The reason they give an output resistance option is for tonal interactions with the impedance curve of the headphone driver. Drivers impedance no matter if they are in a loudspeaker of a set of headphones is dependant on frequency, it's not flat.

 

 

EDIT:  I should have stated that as output impedance increases the amp will start to behave less like a voltage source and more like a current source.
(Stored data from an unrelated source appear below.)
section \<open>Level crossings and the distance to the switching levels\<close>

lemma countable_if_isolated_real:
  fixes S :: "real set"
  assumes isolated: "\<And>t. t \<in> S \<Longrightarrow> \<exists>r>0. \<forall>s\<in>S. \<bar>s - t\<bar> < r \<longrightarrow> s = t"
  shows "countable S"
proof -
  obtain r where r: "\<And>t. t \<in> S \<Longrightarrow> r t > 0 \<and> (\<forall>s\<in>S. \<bar>s - t\<bar> < r t \<longrightarrow> s = t)"
    using isolated by metis
  have "\<exists>q. q \<in> \<rat> \<and> t - r t / 2 < q \<and> q < t" if "t \<in> S" for t
    using r[OF that] Rats_dense_in_real[of "t - r t / 2" t] by auto
  then obtain q where q: "\<And>t. t \<in> S \<Longrightarrow> q t \<in> \<rat> \<and> t - r t / 2 < q t \<and> q t < t"
    by metis
  have "inj_on q S"
  proof (rule inj_onI)
    fix x y assume xy: "x \<in> S" "y \<in> S" "q x = q y"
    have "\<bar>y - x\<bar> < r x \<or> \<bar>x - y\<bar> < r y"
      using q[OF xy(1)] q[OF xy(2)] xy(3) r[OF xy(1)] r[OF xy(2)] by (auto simp: abs_if)
    then show "x = y" using r xy by force
  qed
  moreover have "countable (q ` S)"
    by (rule countable_subset[OF _ countable_rat]) (use q in auto)
  ultimately show ?thesis using countable_image_inj_on by blast
qed

lemma countable_level_set_nonzero_derivative:
  fixes g :: "real \<Rightarrow> real"
  shows "countable {t. g t = c \<and> (\<exists>D. D \<noteq> 0 \<and> (g has_real_derivative D) (at t))}"
    (is "countable ?S")
proof (rule countable_if_isolated_real)
  fix t assume "t \<in> ?S"
  then obtain D where t: "g t = c" "D \<noteq> 0" "(g has_real_derivative D) (at t)" by blast
  have "((\<lambda>y. (g y - g t) / (y - t)) \<longlongrightarrow> D) (at t)"
    using t(3) by (simp add: has_field_derivative_iff)
  then have "\<forall>\<^sub>F y in at t. dist ((g y - g t) / (y - t)) D < \<bar>D\<bar>"
    using tendstoD t(2) by force
  then obtain r where "r > 0"
    and r: "\<And>y. y \<noteq> t \<Longrightarrow> dist y t < r \<Longrightarrow> dist ((g y - g t) / (y - t)) D < \<bar>D\<bar>"
    unfolding eventually_at by blast
  have "s = t" if "s \<in> ?S" "\<bar>s - t\<bar> < r" for s
  proof (rule ccontr)
    assume "s \<noteq> t"
    then have "dist ((g s - g t) / (s - t)) D < \<bar>D\<bar>" using r that(2) by (simp add: dist_real_def)
    moreover have "g s = g t" using that(1) t(1) by simp
    ultimately show False by (simp add: dist_real_def)
  qed
  then show "\<exists>r>0. \<forall>s\<in>?S. \<bar>s - t\<bar> < r \<longrightarrow> s = t" using \<open>r > 0\<close> by blast
qed

lemma has_real_derivative_abs:
  fixes x :: real
  assumes "x \<noteq> 0"
  shows "(abs has_real_derivative sgn x) (at x)"
proof (cases "x > 0")
  case True
  have "((\<lambda>y. y) has_real_derivative 1) (at x)" by (rule DERIV_ident)
  then have "(abs has_real_derivative 1) (at x)"
    by (rule has_field_derivative_transform_within_open[where S="{0<..}"]) (use True in auto)
  then show ?thesis using True by simp
next
  case False
  with assms have "x < 0" by simp
  have "((\<lambda>y. - y) has_real_derivative -1) (at x)" by (auto intro!: derivative_eq_intros)
  then have "(abs has_real_derivative -1) (at x)"
    by (rule has_field_derivative_transform_within_open[where S="{..<0}"]) (use \<open>x < 0\<close> in auto)
  then show ?thesis using \<open>x < 0\<close> by simp
qed

lemma has_real_derivative_zero_if_dominated:
  fixes g h :: "real \<Rightarrow> real"
  assumes "(h has_real_derivative 0) (at t)" and "\<And>s. \<bar>g s - g t\<bar> \<le> \<bar>h s - h t\<bar>"
  shows "(g has_real_derivative 0) (at t)"
proof -
  have "((\<lambda>y. (h y - h t) / (y - t)) \<longlongrightarrow> 0) (at t)"
    using assms(1) by (simp add: has_field_derivative_iff)
  then have "((\<lambda>y. \<bar>(h y - h t) / (y - t)\<bar>) \<longlongrightarrow> 0) (at t)" by (rule tendsto_rabs_zero)
  moreover have "\<forall>\<^sub>F y in at t. norm ((g y - g t) / (y - t)) \<le> \<bar>(h y - h t) / (y - t)\<bar>"
    using assms(2) by (auto simp: abs_divide divide_right_mono)
  ultimately have "((\<lambda>y. (g y - g t) / (y - t)) \<longlongrightarrow> 0) (at t)"
    using Lim_null_comparison by metis
  then show ?thesis by (simp add: has_field_derivative_iff)
qed

lemma abs_abs_minus_diff_le: "\<bar>\<bar>\<bar>y\<bar> - D\<bar> - \<bar>\<bar>x\<bar> - D\<bar>\<bar> \<le> \<bar>y - (x::real)\<bar>"
  using abs_triangle_ineq3[of "\<bar>y\<bar> - D" "\<bar>x\<bar> - D"] abs_triangle_ineq3[of y x] by simp

lemma sgnp_eq_sgn: "x \<noteq> 0 \<Longrightarrow> sgnp x = sgn x"
  by (simp add: sgnp_def sgn_real_def)

lemma has_real_derivative_abs_abs_minus_comp:
  fixes g :: "real \<Rightarrow> real"
  assumes g: "(g has_real_derivative w) (at t)" and "D > 0"
    and switching: "g t \<in> {0, D, - D} \<Longrightarrow> w = 0"
  shows "((\<lambda>s. \<bar>\<bar>g s\<bar> - D\<bar>) has_real_derivative sgnp (g t) * sgnp (\<bar>g t\<bar> - D) * w) (at t)"
proof (cases "g t \<in> {0, D, - D}")
  case False
  then have "g t \<noteq> 0" "\<bar>g t\<bar> - D \<noteq> 0" by (auto simp: abs_if split: if_splits)
  have "((\<lambda>y. \<bar>y\<bar> - D) has_real_derivative sgn (g t)) (at (g t))"
    using DERIV_diff[OF has_real_derivative_abs[OF \<open>g t \<noteq> 0\<close>] DERIV_const[of D]] by simp
  from DERIV_chain2[OF has_real_derivative_abs[OF \<open>\<bar>g t\<bar> - D \<noteq> 0\<close>] this]
  have "((\<lambda>y. \<bar>\<bar>y\<bar> - D\<bar>) has_real_derivative sgnp (g t) * sgnp (\<bar>g t\<bar> - D)) (at (g t))"
    using \<open>g t \<noteq> 0\<close> \<open>\<bar>g t\<bar> - D \<noteq> 0\<close> by (simp add: sgnp_eq_sgn mult.commute)
  from DERIV_chain2[OF this g] show ?thesis .
next
  case True
  then have "(g has_real_derivative 0) (at t)" using g switching by simp
  then have "((\<lambda>s. \<bar>\<bar>g s\<bar> - D\<bar>) has_real_derivative 0) (at t)"
    by (rule has_real_derivative_zero_if_dominated) (rule abs_abs_minus_diff_le)
  then show ?thesis using True switching by simp
qed

section \<open>The linearised vector field and its quadratic form\<close>

definition chain_field :: "nat \<Rightarrow> (nat \<Rightarrow> real) \<Rightarrow> (nat \<Rightarrow> real) \<Rightarrow> nat \<Rightarrow> real" where
  "chain_field n k \<sigma> i =
     (if 2 \<le> i then \<sigma> (i - 1) else 0) - (k i + 1) * \<sigma> i
     + (if i \<le> n - 2 then k (i + 1) * \<sigma> (i + 1) else 0)"

lemma fcomp_eq_chain_field: "fcomp n k d zc i = chain_field n k (sfun d zc) i"
  by (simp add: fcomp_def chain_field_def)

lemma chain_field_cong:
  assumes "i \<in> {1..n-1}" "\<And>l. l \<in> {1..n-1} \<Longrightarrow> \<sigma> l = \<sigma>' l"
  shows "chain_field n k \<sigma> i = chain_field n k \<sigma>' i"
proof -
  have "2 \<le> i \<Longrightarrow> i - 1 \<in> {1..n-1}" "i \<le> n - 2 \<Longrightarrow> i + 1 \<in> {1..n-1}"
    using assms(1) by auto
  then have "2 \<le> i \<Longrightarrow> \<sigma> (i - 1) = \<sigma>' (i - 1)" "i \<le> n - 2 \<Longrightarrow> \<sigma> (i + 1) = \<sigma>' (i + 1)" "\<sigma> i = \<sigma>' i"
    using assms by auto
  then show ?thesis by (simp add: chain_field_def)
qed

lemma abs_chain_field_le:
  assumes "i \<in> {1..n-1}" "\<And>l. l \<in> {1..n-1} \<Longrightarrow> \<bar>\<sigma> l\<bar> \<le> 1"
  shows "\<bar>chain_field n k \<sigma> i\<bar> \<le> 2 + \<bar>k i\<bar> + \<bar>k (i + 1)\<bar>"
proof -
  have "2 \<le> i \<Longrightarrow> i - 1 \<in> {1..n-1}" "i \<le> n - 2 \<Longrightarrow> i + 1 \<in> {1..n-1}"
    using assms(1) by auto
  then have "\<bar>if 2 \<le> i then \<sigma> (i - 1) else 0\<bar> \<le> 1"
    using assms(2) by auto
  moreover have "\<bar>(k i + 1) * \<sigma> i\<bar> \<le> \<bar>k i\<bar> + 1"
    using mult_mono[OF abs_triangle_ineq[of "k i" 1] assms(2)[OF assms(1)]] by (simp add: abs_mult)
  moreover have "\<bar>if i \<le> n - 2 then k (i + 1) * \<sigma> (i + 1) else 0\<bar> \<le> \<bar>k (i + 1)\<bar>"
    using \<open>i \<le> n - 2 \<Longrightarrow> i + 1 \<in> {1..n-1}\<close> assms(2)
      mult_left_mono[of "\<bar>\<sigma> (i + 1)\<bar>" 1 "\<bar>k (i + 1)\<bar>"] by (auto simp: abs_mult)
  ultimately show ?thesis unfolding chain_field_def by linarith
qed

lemma sum_shift_chain_index:
  fixes h :: "nat \<Rightarrow> real"
  shows "(\<Sum>i=1..n-1. if 2 \<le> i then h i else 0) = (\<Sum>i=1..n-1. if i \<le> n - 2 then h (i + 1) else 0)"
proof (cases "n \<ge> 2")
  case True
  have "(\<Sum>i=1..n-1. if 2 \<le> i then h i else 0) = sum h {i \<in> {1..n-1}. 2 \<le> i}"
    by (rule sum.inter_filter[symmetric]) simp
  also have "{i \<in> {1..n-1}. 2 \<le> i} = {1+1..(n-2)+1}" using True by auto
  also have "sum h {1+1..(n-2)+1} = (\<Sum>i=1..n-2. h (i + 1))" by (rule sum.shift_bounds_cl_nat_ivl)
  also have "{1..n-2} = {i \<in> {1..n-1}. i \<le> n - 2}" using True by auto
  also have "(\<Sum>i\<in>{i \<in> {1..n-1}. i \<le> n - 2}. h (i + 1)) = (\<Sum>i=1..n-1. if i \<le> n - 2 then h (i + 1) else 0)"
    by (rule sum.inter_filter) simp
  finally show ?thesis .
qed simp

lemma sum_mult_chain_field_eq:
  "(\<Sum>i=1..n-1. \<tau> i * chain_field n k \<tau> i)
     = (\<Sum>i=1..n-1. - (k i + 1) * (\<tau> i)\<^sup>2 + (if i \<le> n - 2 then (k (i + 1) + 1) * (\<tau> i * \<tau> (i + 1)) else 0))"
proof -
  let ?A = "{1..n-1}"
  have "(\<Sum>i\<in>?A. \<tau> i * chain_field n k \<tau> i) = (\<Sum>i\<in>?A. if 2 \<le> i then \<tau> i * \<tau> (i - 1) else 0)
      + (\<Sum>i\<in>?A. - (k i + 1) * (\<tau> i)\<^sup>2 + (if i \<le> n - 2 then k (i + 1) * (\<tau> i * \<tau> (i + 1)) else 0))"
    unfolding sum.distrib[symmetric]
    by (rule sum.cong) (auto simp: chain_field_def algebra_simps power2_eq_square)
  also have "(\<Sum>i\<in>?A. if 2 \<le> i then \<tau> i * \<tau> (i - 1) else 0)
      = (\<Sum>i\<in>?A. if i \<le> n - 2 then \<tau> (i + 1) * \<tau> (i + 1 - 1) else 0)"
    by (rule sum_shift_chain_index)
  also have "\<dots> = (\<Sum>i\<in>?A. if i \<le> n - 2 then \<tau> i * \<tau> (i + 1) else 0)"
    by (rule sum.cong) auto
  also have "(\<Sum>i\<in>?A. if i \<le> n - 2 then \<tau> i * \<tau> (i + 1) else 0)
      + (\<Sum>i\<in>?A. - (k i + 1) * (\<tau> i)\<^sup>2 + (if i \<le> n - 2 then k (i + 1) * (\<tau> i * \<tau> (i + 1)) else 0))
      = (\<Sum>i\<in>?A. - (k i + 1) * (\<tau> i)\<^sup>2
      + (if i \<le> n - 2 then (k (i + 1) + 1) * (\<tau> i * \<tau> (i + 1)) else 0))"
    unfolding sum.distrib[symmetric] by (rule sum.cong) (auto simp: algebra_simps)
  finally show ?thesis .
qed
lemma Int_stable_lower_orthants: "Int_stable (lower_orthants :: ('i \<Rightarrow> real) set set)"
proof (rule Int_stableI)
  fix X Y :: "('i \<Rightarrow> real) set" assume "X \<in> lower_orthants" "Y \<in> lower_orthants"
  then obtain J t J' t' where "X = {f. \<forall>j\<in>J. f j \<le> t j}" "Y = {f. \<forall>j\<in>J'. f j \<le> t' j}"
    and "finite J" "finite J'"
    unfolding lower_orthants_def by blast
  define s where "s j = (if j \<in> J then if j \<in> J' then min (t j) (t' j) else t j else t' j)" for j
  have "X \<inter> Y = {f. \<forall>j\<in>J \<union> J'. f j \<le> s j}"
    unfolding \<open>X = _\<close> \<open>Y = _\<close> s_def by auto
  with \<open>finite J\<close> \<open>finite J'\<close> show "X \<inter> Y \<in> lower_orthants"
    unfolding lower_orthants_def by (intro CollectI exI[of _ "J \<union> J'"] exI[of _ s]) simp
qed

lemma sets_PiM_UNIV_eq_lower_orthants:
  "sets (PiM UNIV (\<lambda>_::'i. borel :: real measure)) = sigma_sets UNIV lower_orthants"
proof
  have space: "space (PiM UNIV (\<lambda>_::'i. borel :: real measure)) = UNIV"
    by (simp add: space_PiM)
  have "lower_orthants \<subseteq> sets (PiM UNIV (\<lambda>_::'i. borel :: real measure))"
  proof
    fix X :: "('i \<Rightarrow> real) set" assume "X \<in> lower_orthants"
    then obtain J t where X: "X = {f \<in> space (PiM UNIV (\<lambda>_. borel)). \<forall>j\<in>J. f j \<le> t j}"
      and "finite J"
      unfolding lower_orthants_def space by blast
    have "{f \<in> space (PiM UNIV (\<lambda>_. borel)). \<forall>j\<in>J. f j \<le> t j} \<in> sets (PiM UNIV (\<lambda>_::'i. borel))"
      using \<open>finite J\<close> by measurable
    then show "X \<in> sets (PiM UNIV (\<lambda>_. borel))"
      unfolding X .
  qed
  then show "sigma_sets UNIV lower_orthants \<subseteq> sets (PiM UNIV (\<lambda>_::'i. borel :: real measure))"
    using sets.sigma_sets_subset[of lower_orthants "PiM UNIV (\<lambda>_::'i. borel)"] by (simp add: space)
  have coordinate: "{f. f i \<in> B} \<in> sigma_sets UNIV lower_orthants"
    if "B \<in> sets borel" for i :: 'i and B :: "real set"
  proof -
    have "B \<in> sigma_sets UNIV (range atMost)"
      using that by (simp add: borel_eq_atMost)
    then have "(\<lambda>f. f i) -` B \<inter> UNIV
        \<in> sigma_sets UNIV {(\<lambda>f::'i \<Rightarrow> real. f i) -` A \<inter> UNIV | A. A \<in> range atMost}"
      using sigma_sets_vimage_commute[of "\<lambda>f::'i \<Rightarrow> real. f i" UNIV UNIV "range atMost"] by blast
    also have "\<dots> \<subseteq> sigma_sets UNIV lower_orthants"
    proof (rule sigma_sets_mono')
      show "{(\<lambda>f::'i \<Rightarrow> real. f i) -` A \<inter> UNIV | A. A \<in> range atMost} \<subseteq> lower_orthants"
        unfolding lower_orthants_def
        by (auto intro!: exI[of _ "{i}"])
    qed
    finally show ?thesis
      by (simp add: vimage_def)
  qed
  show "sets (PiM UNIV (\<lambda>_::'i. borel :: real measure)) \<subseteq> sigma_sets UNIV lower_orthants"
    unfolding sets_PiM_single space[unfolded space_PiM]
    by (rule sigma_sets_mono) (auto simp: coordinate)
qed

lemma emeasure_distr_PPP_lower_orthant:
  assumes R: "is_PPP M lam R" and J: "finite J"
  shows "emeasure (distr M (PiM UNIV (\<lambda>_. borel)) (\<lambda>\<omega> i. R i \<omega>)) {f. \<forall>j\<in>J. f j \<le> t j} =
    emeasure (distr M (PiM J (\<lambda>_. borel)) (\<lambda>\<omega>. \<lambda>j\<in>J. num_points R \<omega> {0..t j}))
      {g\<in>space (PiM J (\<lambda>_. borel)). \<forall>j\<in>J. of_nat (Suc j) \<le> g j}"
proof -
  note points = PPP_points_measurable[OF R]
  have counts: "(\<lambda>\<omega>. \<lambda>j\<in>J. num_points R \<omega> {0..t j}) \<in> measurable M (PiM J (\<lambda>_. borel))"
    using R by (intro measurable_restrict PPP_num_points_measurable) auto
  have "{f. \<forall>j\<in>J. f j \<le> t j} \<in> lower_orthants"
    using J unfolding lower_orthants_def by blast
  then have orthant: "{f. \<forall>j\<in>J. f j \<le> t j} \<in> sets (PiM UNIV (\<lambda>_. borel))"
    unfolding sets_PiM_UNIV_eq_lower_orthants by (rule sigma_sets.Basic)
  have levels: "{g\<in>space (PiM J (\<lambda>_. borel)). \<forall>j\<in>J. of_nat (Suc j) \<le> g j}
      \<in> sets (PiM J (\<lambda>_. borel :: ennreal measure))"
    using J by measurable
  have preimages: "(\<lambda>\<omega> i. R i \<omega>) -` {f. \<forall>j\<in>J. f j \<le> t j} \<inter> space M
      = (\<lambda>\<omega>. \<lambda>j\<in>J. num_points R \<omega> {0..t j})
          -` {g\<in>space (PiM J (\<lambda>_. borel)). \<forall>j\<in>J. of_nat (Suc j) \<le> g j} \<inter> space M"
    using PPP_le_iff_num_points[OF R] by (auto simp: space_PiM)
  show ?thesis
    unfolding emeasure_distr[OF points orthant] emeasure_distr[OF counts levels] preimages ..
qed
lemma connected: "connected_graph V E"
  using in_Gab by (simp add: in_Gab_def)

lemma sum_deg_nbhd:
  "v \<in> V \<Longrightarrow> (\<Sum>u\<in>nbhd V E v. int (deg V E u)) = a * int (deg V E v) + b - int (deg V E v) ^ 2"
  using in_Gab by (simp add: in_Gab_def)

lemma deg_neighbour_of_pendant:
  assumes "w \<in> pendant_vertices V E" and "E w x"
  shows "int (deg V E x) = a + b - 1"
  using sum_deg_nbhd[of w] assms nbhd_pendant[OF assms] by (simp add: pendant_vertices_def)

lemma pendant_neighbours_other_end:
  assumes "E x y"
    and "nbhd V E x - {y} \<noteq> {}" and "nbhd V E x - {y} \<subseteq> pendant_vertices V E"
  shows "nbhd V E y - {x} \<subseteq> pendant_vertices V E"
proof -
  define D d where "D = int (deg V E x)" and "d = int (deg V E y)"
  have "x \<in> V" "y \<in> V"
    using adjacent_in_vertices[OF assms(1)] by auto
  have "y \<in> nbhd V E x" and "x \<in> nbhd V E y"
    using assms(1) adjacent_sym by (auto simp: in_nbhd_iff)
  have "1 \<le> D" and "1 \<le> d"
    using deg_ge_1 assms(1) adjacent_sym unfolding D_def d_def by force+
  obtain w where "w \<in> nbhd V E x - {y}"
    using assms(2) by blast
  with assms(3) have "w \<in> pendant_vertices V E" and "E w x"
    using adjacent_sym by (auto simp: in_nbhd_iff)
  then have "D = a + b - 1"
    unfolding D_def by (rule deg_neighbour_of_pendant)
  have "(\<Sum>u\<in>nbhd V E x - {y}. int (deg V E u)) = D - 1"
    using assms(3) card_nbhd_remove[OF assms(1)] \<open>1 \<le> D\<close> unfolding D_def
    by (simp add: pendant_vertices_def subset_iff)
  then have "d + D - 1 = (\<Sum>u\<in>nbhd V E x. int (deg V E u))"
    using sum.remove[OF finite_nbhd \<open>y \<in> nbhd V E x\<close>, of "\<lambda>u. int (deg V E u)"]
    unfolding d_def by simp
  also have "\<dots> = a * D + b - D\<^sup>2"
    using sum_deg_nbhd[OF \<open>x \<in> V\<close>] unfolding D_def by simp
  finally have "a * d + b - d\<^sup>2 \<le> D + d - 1"
    using Gab_arith_bound \<open>D = a + b - 1\<close> \<open>1 \<le> D\<close> \<open>1 \<le> d\<close> by blast
  moreover have "a * d + b - d\<^sup>2 = D + (\<Sum>u\<in>nbhd V E y - {x}. int (deg V E u))"
    using sum_deg_nbhd[OF \<open>y \<in> V\<close>]
      sum.remove[OF finite_nbhd \<open>x \<in> nbhd V E y\<close>, of "\<lambda>u. int (deg V E u)"]
    unfolding D_def d_def by simp
  moreover have "int (card (nbhd V E y - {x})) = d - 1"
    using card_nbhd_remove[OF adjacent_sym[OF assms(1)]] \<open>1 \<le> d\<close> unfolding d_def by simp
  ultimately have "(\<Sum>u\<in>nbhd V E y - {x}. int (deg V E u)) \<le> int (card (nbhd V E y - {x}))"
    by simp
  moreover have "\<forall>u\<in>nbhd V E y - {x}. 1 \<le> int (deg V E u)"
    using deg_ge_1 adjacent_sym by (force simp: in_nbhd_iff)
  ultimately have "\<forall>u\<in>nbhd V E y - {x}. int (deg V E u) = 1"
    using sum_le_card_iff_all_1[of "nbhd V E y - {x}" "\<lambda>u. int (deg V E u)"] finite_nbhd
    by simp
  then show ?thesis
    by (auto simp: pendant_vertices_def nbhd_def)
qed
Edited September 24, 2015 by thesloth

[joessportster]

Higher output (69 ohms) will deliver higher current ?

 

I see alot of threads that state planers need more current which DRIVES them (controls the driver) Better, sound reasonable ??

 

 

I am trying to learn a little more about matching equipment do's and don'ts,

 

I just read an article that states for the best power to the speaker, High Impedance into the amp, Low impedance out of the amp going into higher Impedance speakers, was best ?? (so I am thinking this would be more voltage source)

[Guest thesloth]

Higher output (69 ohms) will deliver higher current ?

 

The output device can only supply so much current. The higher the output impedance of the device the more power will be lost in the output resistance and not in the load. So less power, to the load (speaker). One would model it as a simple potential divider.

 

In a perfect world the "device" would have zero output impedance and would be an ideal voltage source. But it doesn't so we call this output resistance and we model it with a resistor, it's in series with the load, which is another resistor.

 

 

Vin would be the perfect voltage source, R1 is the output resistance and R2 is the load (speaker), Vout would be the voltage at the speaker tap.

 

 

Vout =  (R2 / (R2+R1) ) * Vin    

 

 

So if the device puts out 5v and it has an output impedance of 1 and the load is 32 ohms then we will have 4.84 volts across the 32 ohm load.  Power would be (4.84^2) / 32 = .73 watts.

 

Now if you switch the output impedance to 69 ohms then you will have 1.58v across the 32 ohms. Power out to the load (speaker) is now 73mW or .073 watts.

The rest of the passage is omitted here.